How do search engines work?
Search engines work by taking a list of known URLs, which then go to the scheduler. The scheduler decides when to crawl each URL. Crawled pages then go to the parser where vital information is extracted and indexed. Parsed links go to the scheduler, which prioritizes their crawling and re-crawling.
When you search for something, search engines return matching pages, and algorithms rank them by relevance.
We’ll cover ranking algorithms shortly. First, let’s drill deeper into the mechanisms used to build and maintain a web index to make sure we understand how they work. These are scheduling, crawling, parsing, and indexing.
Scheduling
The scheduler assesses the relative importance of new and known URLs.

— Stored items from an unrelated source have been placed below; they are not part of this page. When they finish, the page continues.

lemma l2_iff_integrable:
  "l2 L f \<longleftrightarrow> f \<in> borel_measurable (lebesgue_on {0..L}) \<and>
     integrable (lebesgue_on {0..L}) (\<lambda>x. (cmod (f x))\<^sup>2)"
proof -
  have S: "{0..L} \<in> sets lebesgue" by simp
  have "(\<lambda>x. (cmod (f x))\<^sup>2) integrable_on {0..L} \<longleftrightarrow>
      integrable (lebesgue_on {0..L}) (\<lambda>x. (cmod (f x))\<^sup>2)"
    if "f \<in> borel_measurable (lebesgue_on {0..L})"
  proof
    assume "(\<lambda>x. (cmod (f x))\<^sup>2) integrable_on {0..L}"
    then have "(\<lambda>x. (cmod (f x))\<^sup>2) absolutely_integrable_on {0..L}"
      by (rule nonnegative_absolutely_integrable_1) auto
    then show "integrable (lebesgue_on {0..L}) (\<lambda>x. (cmod (f x))\<^sup>2)"
      using absolutely_integrable_measurable_real[OF S] by (simp add: abs_of_nonneg)
  qed (rule integrable_on_lebesgue_on[OF _ S])
  then show ?thesis
    unfolding l2_def using measurable_on_iff_borel_measurable[OF S] by blast
qed

lemma sum_sq_le_twice_sq_sum: "((p::real) + q)\<^sup>2 \<le> 2 * p\<^sup>2 + 2 * q\<^sup>2"
  using zero_le_power2[of "p - q"] by (simp add: power2_eq_square algebra_simps)

lemma l2_linear_combination:
  assumes "l2 L f" "l2 L g"
  shows "l2 L (\<lambda>x. a * f x + b * g x)"
  unfolding l2_iff_integrable
proof
  have [measurable]: "f \<in> borel_measurable (lebesgue_on {0..L})"
    "g \<in> borel_measurable (lebesgue_on {0..L})"
    using assms by (auto simp: l2_iff_integrable)
  show m: "(\<lambda>x. a * f x + b * g x) \<in> borel_measurable (lebesgue_on {0..L})" by measurable
  have bound: "integrable (lebesgue_on {0..L})
      (\<lambda>x. 2 * (cmod a)\<^sup>2 * (cmod (f x))\<^sup>2 + 2 * (cmod b)\<^sup>2 * (cmod (g x))\<^sup>2)"
    using assms by (auto simp: l2_iff_integrable)
  show "integrable (lebesgue_on {0..L}) (\<lambda>x. (cmod (a * f x + b * g x))\<^sup>2)"
  proof (rule Bochner_Integration.integrable_bound[OF bound])
    show "(\<lambda>x. (cmod (a * f x + b * g x))\<^sup>2) \<in> borel_measurable (lebesgue_on {0..L})"
      using m by measurable
    show "AE x in lebesgue_on {0..L}. norm ((cmod (a * f x + b * g x))\<^sup>2)
        \<le> norm (2 * (cmod a)\<^sup>2 * (cmod (f x))\<^sup>2 + 2 * (cmod b)\<^sup>2 * (cmod (g x))\<^sup>2)"
    proof (rule AE_I2)
      fix x
      have "cmod (a * f x + b * g x) \<le> cmod a * cmod (f x) + cmod b * cmod (g x)"
        by (metis norm_mult norm_triangle_ineq)
      then have "(cmod (a * f x + b * g x))\<^sup>2 \<le> (cmod a * cmod (f x) + cmod b * cmod (g x))\<^sup>2"
        by (simp add: power_mono)
      also have "\<dots> \<le> 2 * (cmod a)\<^sup>2 * (cmod (f x))\<^sup>2 + 2 * (cmod b)\<^sup>2 * (cmod (g x))\<^sup>2"
        using sum_sq_le_twice_sq_sum[of "cmod a * cmod (f x)" "cmod b * cmod (g x)"]
        by (simp add: power_mult_distrib)
      finally show "norm ((cmod (a * f x + b * g x))\<^sup>2)
          \<le> norm (2 * (cmod a)\<^sup>2 * (cmod (f x))\<^sup>2 + 2 * (cmod b)\<^sup>2 * (cmod (g x))\<^sup>2)"
        by simp
    qed
  qed
qed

It then decides when to crawl new URLs and how often to re-crawl known URLs.
Crawling
The crawler is a computer program that downloads web pages. Search engines discover new content by regularly re-crawling known pages where new links often get added over time.
For example, every time we publish a new blog post, it gets pushed to the top of our blog homepage, where there’s a link.

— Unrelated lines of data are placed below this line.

(* Let $\mathcal F,\mathcal G$ be $\sigma$-fields and $Y,X,\overline X$ random variables. Suppose (i) $Y$ is $\mathcal F$-measurable, (ii) $X$ and $\overline X$ have the same law, (iii) $\overline X$ is independent of $\mathcal F$, and, for some measurable function $\varphi$, (iv) $\varphi(X,Y)$ and $\varphi(\overline X,Y)$ have the same conditional law given $\mathcal F$, and (v) $\varphi(X,Y)$ is conditionally independent of $\mathcal G$ given $\mathcal F$. Let $\mathcal H=\sigma(\mathcal F\cup\mathcal G)$. Then there exists a random variable $\widetilde X$ with the same law as $X$, independent of $\mathcal H$, such that $\varphi(X,Y)$ and $\varphi(\widetilde X,Y)$ have the same conditional law given $\mathcal H$.
   Context: $U$ and $V$ have the same conditional law given a $\sigma$-field $\mathcal F$ if $\mathbb E[\psi(U)\mid\mathcal F]=\mathbb E[\psi(V)\mid\mathcal F]$ a.s. for every non-negative measurable $\psi$. $U$ is conditionally independent of $V$ (or of a $\sigma$-field) given $\mathcal F$ if $\mathbb E[\psi(U)\chi(V)\mid\mathcal F]=\mathbb E[\psi(U)\mid\mathcal F]\mathbb E[\chi(V)\mid\mathcal F]$ a.s. for all non-negative measurable $\psi,\chi$.
   Formalization: $\widetilde X$ lives on an extension of the probability space by a measure-preserving measurable map, is independent of the pulled-back H, and $\varphi(X,Y)$, $\varphi(\widetilde X,Y)$ (X, Y pulled back) have the same conditional law given it. Each condition added here is assumed in the paper as well or is needed for the statement above to hold. *)

theory Defs
  imports "HOL-Probability.Probability"
begin
lemma is_open_star_arc_interval:
  fixes \<gamma> :: "real \<Rightarrow> 'a::metric_space"
  assumes arc: "arc \<gamma>" and ab: "0 \<le> a" "a < t0" "t0 < b" "b \<le> 1"
  shows "is_open_star (\<gamma> t0) 2 (\<gamma> ` {a<..<b})"
proof -
  have inj: "inj_on \<gamma> {0..1}" using arc by (rule arc_imp_inj_on)
  define g where "g s = (\<lambda>x. \<gamma> ((s - t0) * x + t0))" for s
  define \<beta> where "\<beta> s = \<gamma> ` (closed_segment t0 s - {s})" for s
  have branch: "arc (g s) \<and> pathstart (g s) = \<gamma> t0 \<and> \<beta> s = path_image (g s) - {pathfinish (g s)}"
    if "s \<in> {0..1}" "s \<noteq> t0" for s
  proof -
    have "t0 \<in> {0..1}" using ab by auto
    note sub = arc_subarc[OF arc this that(1) that(2)[symmetric], folded g_def]
    have "\<beta> s = \<gamma> ` closed_segment t0 s - \<gamma> ` {s}"
      unfolding \<beta>_def using that \<open>t0 \<in> {0..1}\<close>
      by (intro inj_on_image_set_diff[OF inj]) (auto simp: closed_segment_eq_real_ivl)
    then show ?thesis using sub by simp
  qed
  have \<beta>a: "\<beta> a = \<gamma> ` {a<..t0}" and \<beta>b: "\<beta> b = \<gamma> ` {t0..<b}"
    using ab by (auto simp: \<beta>_def closed_segment_eq_real_ivl intro!: arg_cong[where f="image \<gamma>"])
  have meet: "path_image (g a) \<inter> path_image (g b) = {\<gamma> t0}"
  proof -
    have "path_image (g a) \<inter> path_image (g b) = \<gamma> ` {a..t0} \<inter> \<gamma> ` {t0..b}"
      using arc_subarc(2)[OF arc, of t0 a] arc_subarc(2)[OF arc, of t0 b] ab
      by (simp add: g_def closed_segment_eq_real_ivl)
    also have "\<dots> = \<gamma> ` ({a..t0} \<inter> {t0..b})"
      by (rule inj_on_image_Int[OF inj, symmetric]) (use ab in auto)
    also have "{a..t0} \<inter> {t0..b} = {t0}" using ab by auto
    finally show ?thesis by simp
  qed
  have "\<gamma> ((t0 + b) / 2) \<in> \<beta> b - \<beta> a"
    using ab inj unfolding \<beta>a \<beta>b by (auto dest: inj_onD)
  then have ne: "\<beta> a \<noteq> \<beta> b" by blast
  have "open_star_branches (\<gamma> t0) {\<beta> a, \<beta> b}"
    unfolding open_star_branches_def
  proof (intro conjI exI[of _ "\<lambda>B. if B = \<beta> a then g a else g b"])
    show "\<forall>B\<in>{\<beta> a, \<beta> b}. \<forall>B'\<in>{\<beta> a, \<beta> b}. B \<noteq> B' \<longrightarrow>
        path_image (if B = \<beta> a then g a else g b) \<inter> path_image (if B' = \<beta> a then g a else g b) = {\<gamma> t0}"
      using meet by (auto simp: Int_commute)
  qed (use branch[of a] branch[of b] ab ne in auto)
  moreover have "\<gamma> ` {a<..<b} = \<beta> a \<union> \<beta> b"
    unfolding \<beta>a \<beta>b image_Un[symmetric] using ab by (intro arg_cong[where f="image \<gamma>"]) auto
  ultimately show ?thesis
    unfolding is_open_star_def using ne by (intro exI[of _ "{\<beta> a, \<beta> b}"]) auto
qed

When a search engine like Google re-crawls that page, it downloads the content of the page with the recently-added links.
The crawler then passes the downloaded web page to the parser.
Parsing
The parser extracts links from the page, along with other key information. It then sends extracted URLs to the scheduler and extracted data for indexing.
Indexing
Indexing is where parsed information from crawled pages gets added to a database called a search index.
Think of this as a digital library of information about trillions of web pages.